The Most Reverend Dr. Thomas Nulty or Thomas McNulty (1818–1898) was born to a farming family in Fennor, Oldcastle, Co. Meath, on 7 July 1818, and died in office as the Irish Roman Catholic Bishop of Meath on Christmas Eve, 1898.

==Biography==
Nulty was educated at Gilson School, Oldcastle, County Meath, St. Finians, Navan Seminary and Maynooth College. He was ordained in 1846. Nulty was a cleric during the Great Famine. During the course of his first pastoral appointment, he officiated at an average 11 funerals of famine victims (mostly children or the aged) a day, and in 1848 he described a large-scale eviction of 700 tenants in the diocese, thought to have been near Lough Sheelin, a freshwater lough at a meeting point of Counties Westmeath, Meath and Cavan.

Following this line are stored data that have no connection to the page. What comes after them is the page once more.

lemma norm_phase_mass_le: "norm (phase_mass eps s beta x) \<le> (2 * pi / \<bar>s\<bar>) ^ DIM('a)"
proof -
  define g where "g = s\<^sup>2 / (4 * eps)"
  have g: "g > 0"
    using s_nonzero eps_pos by (simp add: g_def)
  have "norm (phase_mass eps s beta x) \<le> (\<integral>w. norm (\<integral>u. integrand (u, w) \<partial>lborel) \<partial>lborel)"
    unfolding integral_integrand[symmetric] integral_lborel_pair[OF integrable_integrand]
    by (rule integral_norm_bound)
  also have "\<dots> \<le> integral\<^sup>L lborel (\<lambda>w::'a. sqrt (pi / eps) ^ DIM('a) * exp (- g * (norm w)\<^sup>2))"
  proof (rule integral_mono)
    show "integrable lborel (\<lambda>w. norm (\<integral>u. integrand (u, w) \<partial>lborel))"
      unfolding integral_integrand_fst_eq_gaussian
      using alpha_pos beta_pos by (intro integrable_norm integrable_mult_right integrable_gaussian) simp
    show "integrable lborel (\<lambda>w::'a. sqrt (pi / eps) ^ DIM('a) * exp (- g * (norm w)\<^sup>2))"
      by (intro integrable_mult_right integrable_exp_neg_norm_sq g)
    fix w :: 'a
    have "norm (\<integral>u. integrand (u, w) \<partial>lborel) =
        (exp (- eps * (norm w)\<^sup>2) * exp (- beta * (norm (x + w))\<^sup>2)) * (sqrt (pi / eps) ^ DIM('a) * exp (- g * (norm w)\<^sup>2))"
      unfolding integral_integrand_fst g_def using eps_pos by (simp add: abs_mult norm_mult norm_power)
    also have "\<dots> \<le> 1 * (sqrt (pi / eps) ^ DIM('a) * exp (- g * (norm w)\<^sup>2))"
      using eps_pos beta_pos by (intro mult_right_mono mult_le_one) auto
    finally show "norm (\<integral>u. integrand (u, w) \<partial>lborel) \<le> sqrt (pi / eps) ^ DIM('a) * exp (- g * (norm w)\<^sup>2)"
      by simp
  qed
  also have "\<dots> = sqrt (pi / eps) ^ DIM('a) * sqrt (pi / g) ^ DIM('a)"
    unfolding integral_mult_right_zero integral_exp_neg_norm_sq[OF g] ..
  also have "\<dots> = (2 * pi / \<bar>s\<bar>) ^ DIM('a)"
  proof -
    have "sqrt (pi / eps) * sqrt (pi / g) = sqrt ((2 * pi / \<bar>s\<bar>)\<^sup>2)"
      unfolding real_sqrt_mult[symmetric] g_def using eps_pos s_nonzero
      by (simp add: field_simps power2_eq_square)
    then show ?thesis
      by (simp flip: power_mult_distrib)
  qed
  finally show ?thesis .
qed

lemma integral_cscale_integrand:
  assumes "linear L"
  shows "(\<integral>p. cscale (integrand p) (L (x + fst p)) \<partial>lborel) =
    cscale (phase_mass eps s beta x) (L x) + cscale (- \<i> * complex_of_real (moment_ratio eps s beta) * phase_mass eps s beta x) (L (rho x))"
  unfolding integral_integrand[symmetric]
  by (rule integral_cscale_linear_shift[OF assms integrable_integrand integrable_integrand_mult_inner])
     (simp add: integral_integrand_mult_inner integral_integrand)
(* Let $\mathcal{F}$ be a finite family of pairwise intersecting compact convex sets in the plane with the $(4,3)$ property, i.e., among any four distinct members some three have a common point. For $D\in\mathcal{F}$, let $G_D$ be the directed graph on vertex set $\mathcal{F}\setminus\{D\}$ with an arc from $A$ to $B$ if and only if $o(ABD)=1$. Then $G_D$ contains no directed cycle of length 4.
   Context: For three pairwise intersecting compact convex sets $X,Y,Z$ in the plane: $o(XYZ)=0$ if $X\cap Y\cap Z\neq\emptyset$; otherwise $o(XYZ)=o(xyz)$ for any $x\in Y\cap Z$, $y\in X\cap Z$, $z\in X\cap Y$, where for points $o(xyz)=+1$ for a counterclockwise and $-1$ for a clockwise triangle (independent of the choice). *)

theory Defs
  imports "HOL-Analysis.Analysis"
begin

definition orient_pt :: "real^2 \<Rightarrow> real^2 \<Rightarrow> real^2 \<Rightarrow> int" where
  "orient_pt x y z =
     (let d = (y$1 - x$1) * (z$2 - x$2) - (y$2 - x$2) * (z$1 - x$1)
      in if d > 0 then 1 else if d < 0 then -1 else 0)"

text \<open>Orientation o(XYZ) of three (pairwise intersecting) sets, as in the paper:
  0 if the three have a common point, otherwise the orientation of
  x \<in> Y\<inter>Z, y \<in> X\<inter>Z, z \<in> X\<inter>Y (chosen arbitrarily; the paper notes independence
  of the choice).\<close>
definition orient_set :: "(real^2) set \<Rightarrow> (real^2) set \<Rightarrow> (real^2) set \<Rightarrow> int" where
  "orient_set X Y Z =
     (if X \<inter> Y \<inter> Z \<noteq> {} then 0
      else orient_pt (SOME x. x \<in> Y \<inter> Z) (SOME y. y \<in> X \<inter> Z) (SOME z. z \<in> X \<inter> Y))"

definition arc_G :: "(real^2) set set \<Rightarrow> (real^2) set \<Rightarrow> (real^2) set \<Rightarrow> (real^2) set \<Rightarrow> bool" where
  "arc_G F D A B \<longleftrightarrow> A \<in> F - {D} \<and> B \<in> F - {D} \<and> orient_set A B D = 1"

end

theory Submission
  imports Defs
begin

text \<open>
  Let X, Y, Z be convex sets that meet pairwise but have no common point. Witnesses
  x \<in> Y \<inter> Z, y \<in> X \<inter> Z, z \<in> X \<inter> Y are never collinear (one of them would lie on the
  segment between the other two, hence in all three sets), and since the orientation
  determinant is affine in each point, moving one witness inside its convex intersection
  cannot change its sign. So o(XYZ) can be computed from any witnesses; this makes it
  alternating and gives exchange rules relating the orientations of triples of four sets.

  A directed 4-cycle A, B, C, E of G_D means o(ABD) = o(BCD) = o(CED) = o(EAD) = 1.
  Distinguishing whether the diagonals A, C and B, E meet inside D, the (4,3) property
  provides enough nonempty triple intersections for the exchange rules to assign two
  different values to one orientation.
\<close>

definition orient_det :: "real^2 \<Rightarrow> real^2 \<Rightarrow> real^2 \<Rightarrow> real" where
  "orient_det x y z = (y$1 - x$1) * (z$2 - x$2) - (y$2 - x$2) * (z$1 - x$1)"

lemma orient_pt_orient_det:
  "orient_pt x y z = (if 0 < orient_det x y z then 1 else if orient_det x y z < 0 then -1 else 0)"
  unfolding orient_pt_def orient_det_def Let_def by simp

lemma orient_det_rotate: "orient_det x y z = orient_det y z x"
  unfolding orient_det_def by (simp add: algebra_simps)

lemma orient_det_swap: "orient_det y x z = - orient_det x y z"
  unfolding orient_det_def by (simp add: algebra_simps)

lemma orient_det_combination:
  "orient_det ((1 - u) *\<^sub>R x + u *\<^sub>R x') y z = (1 - u) * orient_det x y z + u * orient_det x' y z"
  unfolding orient_det_def by (simp add: algebra_simps)

lemma parallel_if_cross_eq_0:
  fixes u v :: "real^2"
  assumes "u$1 * v$2 = u$2 * v$1" "u \<noteq> 0"
  shows "v = ((u \<bullet> v) / (u \<bullet> u)) *\<^sub>R u"
proof -
  have "u \<bullet> u \<noteq> 0" using assms(2) by simp
  moreover have "(u \<bullet> u) * v$1 = (u \<bullet> v) * u$1" "(u \<bullet> u) * v$2 = (u \<bullet> v) * u$2"
    using assms(1) by (auto simp: inner_vec_def sum_2 algebra_simps)
  ultimately show ?thesis by (simp add: vec_eq_iff forall_2 field_simps)
qed

lemma collinear_if_orient_det_eq_0:
  assumes "orient_det x y z = 0"
  shows "collinear {x, y, z}"
proof -
  have "(x - y)$1 * (z - y)$2 = (x - y)$2 * (z - y)$1"
    using assms unfolding orient_det_def by (simp add: algebra_simps)
  then have "collinear {0, x - y, z - y}"
    unfolding collinear_lemma using parallel_if_cross_eq_0 by blast
  then show ?thesis by (simp add: collinear_3)
qed

lemma in_convex_hull_if_orient_det_same_sign:
  assumes "(0 < orient_det p s t \<and> 0 < orient_det p t q \<and> 0 < orient_det p q s) \<or>
           (orient_det p s t < 0 \<and> orient_det p t q < 0 \<and> orient_det p q s < 0)"
  shows "p \<in> convex hull {q, s, t}"
proof -
  define a b c where "a = orient_det p s t" and "b = orient_det p t q" and "c = orient_det p q s"
  \<comment> \<open>a, b, c are barycentric coordinates of p with respect to q, s, t, up to the factor S\<close>
  define S where "S = a + b + c"
  have "S \<noteq> 0" using assms unfolding S_def a_def b_def c_def by linarith
  have "S * p$i = a * q$i + b * s$i + c * t$i" for i
    using exhaust_2 [of i] by (auto simp: S_def a_def b_def c_def orient_det_def algebra_simps)
  with \<open>S \<noteq> 0\<close> have "p = (a/S) *\<^sub>R q + (b/S) *\<^sub>R s + (c/S) *\<^sub>R t"
    by (simp add: vec_eq_iff field_simps)
  moreover have "0 \<le> a/S" "0 \<le> b/S" "0 \<le> c/S" "a/S + b/S + c/S = 1"
    using assms \<open>S \<noteq> 0\<close> unfolding S_def a_def [symmetric] b_def [symmetric] c_def [symmetric]
    by (auto simp: divide_simps)
  ultimately show ?thesis unfolding convex_hull_3 by blast
qed

lemma orient_det_witnesses_nonzero:
  assumes "convex X" "convex Y" "convex Z" "X \<inter> Y \<inter> Z = {}"
    and "x \<in> Y \<inter> Z" "y \<in> X \<inter> Z" "z \<in> X \<inter> Y"
  shows "orient_det x y z \<noteq> 0"
proof
  assume "orient_det x y z = 0"
  then have "collinear {x, y, z}" by (rule collinear_if_orient_det_eq_0)
  then have "x \<in> closed_segment y z \<or> y \<in> closed_segment z x \<or> z \<in> closed_segment x y"
    by (simp add: collinear_between_cases between_mem_segment)
  moreover have "closed_segment y z \<subseteq> X" "closed_segment z x \<subseteq> Y" "closed_segment x y \<subseteq> Z"
    using assms closed_segment_subset [of y X z] closed_segment_subset [of z Y x]
      closed_segment_subset [of x Z y] by auto
  ultimately show False using assms by blast
qed
lemma span_pair_phis_level_sum:
  assumes "s \<in> weighting.span (\<Union>h\<le>k. pair_phis V k h)"
  shows "\<exists>u. (\<forall>h\<le>k. u h \<in> level_space V k h) \<and> s = (\<Sum>h\<le>k. u h)"
  using assms
proof (induction rule: weighting.span_induct_alt)
  case base
  have "\<forall>h\<le>k. (0 :: 'a weighting) \<in> level_space V k h"
    by (simp only: level_space_def weighting.span_zero simp_thms)
  then show ?case by (intro exI[of _ "\<lambda>_. 0"]) (simp only: sum.neutral_const)
next
  case (step c g s)
  then obtain h0 where h0: "h0 \<le> k" "g \<in> pair_phis V k h0" by auto
  obtain u where u: "\<forall>h\<le>k. u h \<in> level_space V k h" "s = (\<Sum>h\<le>k. u h)"
    using step by auto
  define u' where "u' h = (if h = h0 then fscale c g else 0) + u h" for h
  have u'_level: "\<forall>h\<le>k. u' h \<in> level_space V k h"
  proof (intro allI impI)
    fix h assume "h \<le> k"
    show "u' h \<in> level_space V k h"
    proof (cases "h = h0")
      case True
      have "fscale c g + u h0 \<in> level_space V k h0"
        using weighting.span_add[OF weighting.span_scale[OF weighting.span_base[OF h0(2)]], of "u h0" c]
          u(1) h0(1) unfolding level_space_def by blast
      then show ?thesis using True by (simp add: u'_def)
    next
      case False
      then show ?thesis using u(1) \<open>h \<le> k\<close> by (simp add: u'_def)
    qed
  qed
  have "(\<Sum>h\<le>k. u' h) = (\<Sum>h\<le>k. if h = h0 then fscale c g else 0) + s"
    unfolding u'_def u(2) by (rule sum.distrib)
  also have "(\<Sum>h\<le>k. if h = h0 then fscale c g else 0) = fscale c g"
    using h0(1) by (subst sum.delta) auto
  finally show ?case using u'_level by (intro exI[of _ u']) simp
qed

lemma exists_level_decomposition:
  assumes "finite V" "2 * k \<le> card V" "w \<in> WS V k"
  shows "\<exists>u. (\<forall>h\<le>k. u h \<in> level_space V k h) \<and> w = (\<Sum>h\<le>k. u h)"
proof -
  let ?G = "\<Union>h\<le>k. pair_phis V k h"
  have G: "finite ?G" "?G \<subseteq> WS V k"
    using finite_pair_phis[OF assms(1)] pair_phis_WS by blast+
  obtain s where s: "s \<in> weighting.span ?G" "\<forall>g\<in>?G. ip V k (w - s) g = 0"
    using exists_orth_projection[OF assms(1) G] by blast
  have "s \<in> WS V k" using s(1) weighting.span_minimal[OF G(2) WS_subspace] by blast
  then have "w - s \<in> WS V k" using assms(3) by (auto simp: WS_def)
  moreover have "ip V k (w - s) (pair_phi V k ps) = 0"
    if "distinct_pairs V ps" "length ps \<le> k" for ps
    using s(2) that by (auto simp: pair_phis_def)
  ultimately have "w - s = 0"
    using ip_pair_phis_eq_0_imp_zero[OF assms(1,2)] by blast
  then show ?thesis using span_pair_phis_level_sum[OF s(1)] by simp
qed

lemma ip_level_sum:
  assumes "finite V" "\<forall>h\<le>k. u h \<in> level_space V k h" "v \<in> level_space V k j" "j \<le> k"
  shows "ip V k (\<Sum>h\<le>k. u h) v = ip V k (u j) v"
proof -
  have "ip V k (\<Sum>h\<le>k. u h) v = (\<Sum>h\<le>k. if h = j then ip V k (u j) v else 0)"
    unfolding ip_sum_left using assms by (intro sum.cong) (auto intro: ip_level_space_eq_0)
  then show ?thesis using assms(4) by simp
qed

lemma level_sum_eq_0:
  assumes "finite V" "\<forall>h\<le>k. u h \<in> level_space V k h" "(\<Sum>h\<le>k. u h) = 0" "j \<le> k"
  shows "u j = 0"
proof -
  have "ip V k (u j) (u j) = 0"
    using ip_level_sum[OF assms(1,2) _ assms(4), of "u j"] assms by simp
  then show ?thesis using ip_self_eq_0_imp_zero[OF assms(1)] level_space_WS assms by blast
qed

lemma Wv_nonneg: "Wv k V g i \<ge> 0"
proof (induction k V g i rule: Wv.induct)
  case (3 k V w i)
  have "(\<Sum>p\<in>{(a, b). a \<in> V \<and> b \<in> V \<and> a \<noteq> b}.
      Wv k (V - {fst p, snd p}) (\<lambda>e. w (insert (fst p) e) - w (insert (snd p) e)) i) \<ge> 0"
    using 3 by (intro sum_nonneg) auto
  moreover have "real (card V) * (real (card V) - 1) \<ge> 0" by (cases "card V") auto
  ultimately show ?case by simp
qed auto

lemma ip_pair_phi_Cons_insert:
  assumes "finite V" "distinct_pairs V ((a, b) # ps)"
  shows "ip (V - {a, b}) k (\<lambda>B. g (insert a B) - g (insert b B)) (pair_phi (V - {a, b}) k ps)
       = ip V (Suc k) g (pair_phi V (Suc k) ((a, b) # ps))"
proof -
  have "ip (V - {a, b}) k (\<lambda>B. g (insert a B) - g (insert b B)) (pair_phi (V - {a, b}) k ps)
      = ip (V - {a, b}) k (pair_diff a b g) (pair_phi (V - {a, b}) k ps)"
  proof (rule ip_cong)
    fix B assume "B \<in> ksub (V - {a, b}) k"
    then have "B - {b} = B" "B - {a} = B" by (auto simp: ksub_def)
    then show "g (insert a B) - g (insert b B) = pair_diff a b g B" by (simp add: pair_diff_def)
  qed simp
  also have "\<dots> = ip V (Suc k) g (pair_phi V (Suc k) ((a, b) # ps))"
    using ip_pair_phi_Cons[OF assms] by simp
  finally show ?thesis .
qed
(* Contraction with the dual basis vector of e_i.  Since kd = sum_i f_i kcontract i and each
   contraction is an antiderivation, kd satisfies the Leibniz rule. *)
definition kcontract :: "nat \<Rightarrow> 'a::comm_ring_1 kelt \<Rightarrow> 'a kelt" where
  "kcontract i x = (\<lambda>T. if i \<in> T then 0 else (-1) ^ card_below T i * x (insert i T))"

definition kinvol :: "'a::comm_ring_1 kelt \<Rightarrow> 'a kelt" where
  "kinvol x = (\<lambda>U. (-1) ^ card U * x U)"

lemma kd_eq_sum_kcontract: "kd r f x = (\<lambda>T. \<Sum>i<r. f i * kcontract i x T)"
proof (rule ext)
  fix T
  have "(\<Sum>i<r. f i * kcontract i x T)
      = (\<Sum>i<r. if i \<notin> T then (-1) ^ card {j\<in>T. j < i} * f i * x (insert i T) else 0)"
    by (rule sum.cong) (auto simp: kcontract_def card_below_def)
  also have "\<dots> = (\<Sum>i\<in>{i\<in>{..<r}. i \<notin> T}. (-1) ^ card {j\<in>T. j < i} * f i * x (insert i T))"
    by (rule sum.inter_filter[symmetric]) simp
  also have "{i\<in>{..<r}. i \<notin> T} = {0..<r} - T" by auto
  finally show "kd r f x T = (\<Sum>i<r. f i * kcontract i x T)" by (simp add: kd_def)
qed

lemma kcontract_wedge_notin:
  fixes x y :: "'a::comm_ring_1 kelt"
  assumes T: "finite T" "i \<notin> T"
  shows "kcontract i (wedge x y) T = wedge (kcontract i x) y T + wedge (kinvol x) (kcontract i y) T"
proof -
  define \<epsilon> :: 'a where "\<epsilon> = (-1) ^ card_below T i"
  have "kcontract i (wedge x y) T
      = (\<Sum>S\<in>Pow T. \<epsilon> * ksign S (insert i (T - S)) * x S * y (insert i (T - S)))
      + (\<Sum>S\<in>Pow T. \<epsilon> * ksign (insert i S) (T - S) * x (insert i S) * y (T - S))"
    unfolding kcontract_def wedge_insert[OF T] \<epsilon>_def using T
    by (simp add: sum_distrib_left distrib_left mult.assoc)
  also have "(\<Sum>S\<in>Pow T. \<epsilon> * ksign S (insert i (T - S)) * x S * y (insert i (T - S)))
      = wedge (kinvol x) (kcontract i y) T"
    unfolding wedge_def kinvol_def kcontract_def
  proof (intro sum.cong refl)
    fix S assume "S \<in> Pow T"
    then have "\<epsilon> * ksign S (insert i (T - S))
        = ksign S (T - S) * (-1) ^ card S * (-1) ^ card_below (T - S) i"
      unfolding \<epsilon>_def using T by (intro ksign_insert_right) auto
    then show "\<epsilon> * ksign S (insert i (T - S)) * x S * y (insert i (T - S))
      = ksign S (T - S) * ((-1) ^ card S * x S) * (if i \<in> T - S then 0
          else (-1) ^ card_below (T - S) i * y (insert i (T - S)))"
      using T by (simp add: mult.assoc[symmetric])
  qed
  also have "(\<Sum>S\<in>Pow T. \<epsilon> * ksign (insert i S) (T - S) * x (insert i S) * y (T - S))
      = wedge (kcontract i x) y T"
    unfolding wedge_def kcontract_def
  proof (intro sum.cong refl)
    fix S assume S: "S \<in> Pow T"
    then have "\<epsilon> * ksign (insert i S) (T - S) = ksign S (T - S) * (-1) ^ card_below S i"
      unfolding \<epsilon>_def using T by (intro ksign_insert_left) auto
    then show "\<epsilon> * ksign (insert i S) (T - S) * x (insert i S) * y (T - S)
      = ksign S (T - S) * (if i \<in> S then 0 else (-1) ^ card_below S i * x (insert i S)) * y (T - S)"
      using S T by (auto simp: mult.assoc[symmetric])
  qed
  finally show ?thesis by (simp add: add.commute)
qed
lemma weight_matrix_mono: "weight_matrix M \<Longrightarrow> 0 < l \<Longrightarrow> l \<le> k \<Longrightarrow> M l \<alpha> \<le> M k \<alpha>"
  unfolding weight_matrix_def by blast

text \<open>\<open>M'\<close> is dominated by \<open>M\<close> under shifts of the index by at most \<open>r\<close>; condition (B2)/(R2) is the
  case of shifts by unit vectors.\<close>
definition shift_dominated :: "nat \<Rightarrow> real \<Rightarrow> (('n::finite \<Rightarrow> nat) \<Rightarrow> real) \<Rightarrow> (('n \<Rightarrow> nat) \<Rightarrow> real) \<Rightarrow> bool" where
  "shift_dominated r A M' M \<longleftrightarrow> (\<forall>\<gamma> c. mabs c \<le> r \<longrightarrow> M' (madd \<gamma> c) \<le> A ^ (mabs \<gamma> + 1) * M \<gamma>)"

lemma shift_dominated_0: "(\<And>\<gamma>. M' \<gamma> \<le> M \<gamma>) \<Longrightarrow> shift_dominated 0 1 M' M"
  by (simp add: shift_dominated_def mabs_eq_0_iff madd_zero)

lemma shift_dominated_Suc:
  fixes Ma Mb Mc :: "('n::finite \<Rightarrow> nat) \<Rightarrow> real"
  assumes unit: "\<And>\<alpha> j. Mc (madd \<alpha> (unit_mi j)) \<le> A ^ (mabs \<alpha> + 1) * Mb \<alpha>"
    and r: "shift_dominated r A' Mb Ma"
    and mono: "\<And>\<alpha>. Mc \<alpha> \<le> Mb \<alpha>"
    and A: "1 \<le> A" and A': "1 \<le> A'" and Ma: "\<And>\<alpha>. 0 \<le> Ma \<alpha>"
  shows "shift_dominated (Suc r) (A ^ (r + 1) * A') Mc Ma"
  unfolding shift_dominated_def
proof (intro allI impI)
  let ?A = "A ^ (r + 1) * A'"
  fix \<gamma> c :: "'n \<Rightarrow> nat" assume c: "mabs c \<le> Suc r"
  show "Mc (madd \<gamma> c) \<le> ?A ^ (mabs \<gamma> + 1) * Ma \<gamma>"
  proof (cases "mabs c \<le> r")
    case True
    have "A' \<le> ?A" using A A' one_le_power[OF A, of "r + 1"] by simp
    have "Mc (madd \<gamma> c) \<le> Mb (madd \<gamma> c)" by (rule mono)
    also have "\<dots> \<le> A' ^ (mabs \<gamma> + 1) * Ma \<gamma>" using r True by (simp add: shift_dominated_def)
    also have "\<dots> \<le> ?A ^ (mabs \<gamma> + 1) * Ma \<gamma>"
      using \<open>A' \<le> ?A\<close> A' Ma by (intro mult_right_mono power_mono) auto
    finally show ?thesis .
  next
    case False
    with c have "mabs c = Suc r" by simp
    then obtain c' j where c': "mabs c' = r" "c = madd c' (unit_mi j)"
      by (rule mabs_eq_Suc_imp_madd_unit_mi)
    have "Mc (madd \<gamma> c) = Mc (madd (madd \<gamma> c') (unit_mi j))" by (simp add: c' madd_assoc)
    also have "\<dots> \<le> A ^ (mabs (madd \<gamma> c') + 1) * Mb (madd \<gamma> c')" by (rule unit)
    also have "\<dots> \<le> A ^ (mabs (madd \<gamma> c') + 1) * (A' ^ (mabs \<gamma> + 1) * Ma \<gamma>)"
    proof (rule mult_left_mono)
      show "Mb (madd \<gamma> c') \<le> A' ^ (mabs \<gamma> + 1) * Ma \<gamma>"
        using r c'(1) unfolding shift_dominated_def by blast
    qed (use A in simp)
    also have "\<dots> \<le> (A ^ (r + 1)) ^ (mabs \<gamma> + 1) * (A' ^ (mabs \<gamma> + 1) * Ma \<gamma>)"
    proof (rule mult_right_mono)
      have "mabs (madd \<gamma> c') + 1 \<le> (r + 1) * (mabs \<gamma> + 1)" using c' by (simp add: mabs_madd)
      then show "A ^ (mabs (madd \<gamma> c') + 1) \<le> (A ^ (r + 1)) ^ (mabs \<gamma> + 1)"
        unfolding power_mult[symmetric] using A by (rule power_increasing)
    qed (use A' Ma in simp)
    also have "\<dots> = ?A ^ (mabs \<gamma> + 1) * Ma \<gamma>" by (simp add: power_mult_distrib)
    finally show ?thesis .
  qed
qed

Nulty rose to become the Most Reverend Bishop of Meath and was known as a fierce defender of the tenant rights of Irish tenant farmers throughout the 34 years that he served in that office, from 1864 to 1898. Nulty was in agreement with the economic ideas of the progressive reformer Henry George. Nulty read George's book Progress and Poverty multiple times and agreed with every word. Henry George even said that 'Georgism' could just as well be known as 'Nultyism'.

Thomas Nulty is famed for his 1881 tract Back to the Land, wherein he makes the case for land reform of the Irish land tenure system. Nulty was a friend and supporter of the Irish nationalist Charles Stewart Parnell until Parnell's divorce crisis in 1889.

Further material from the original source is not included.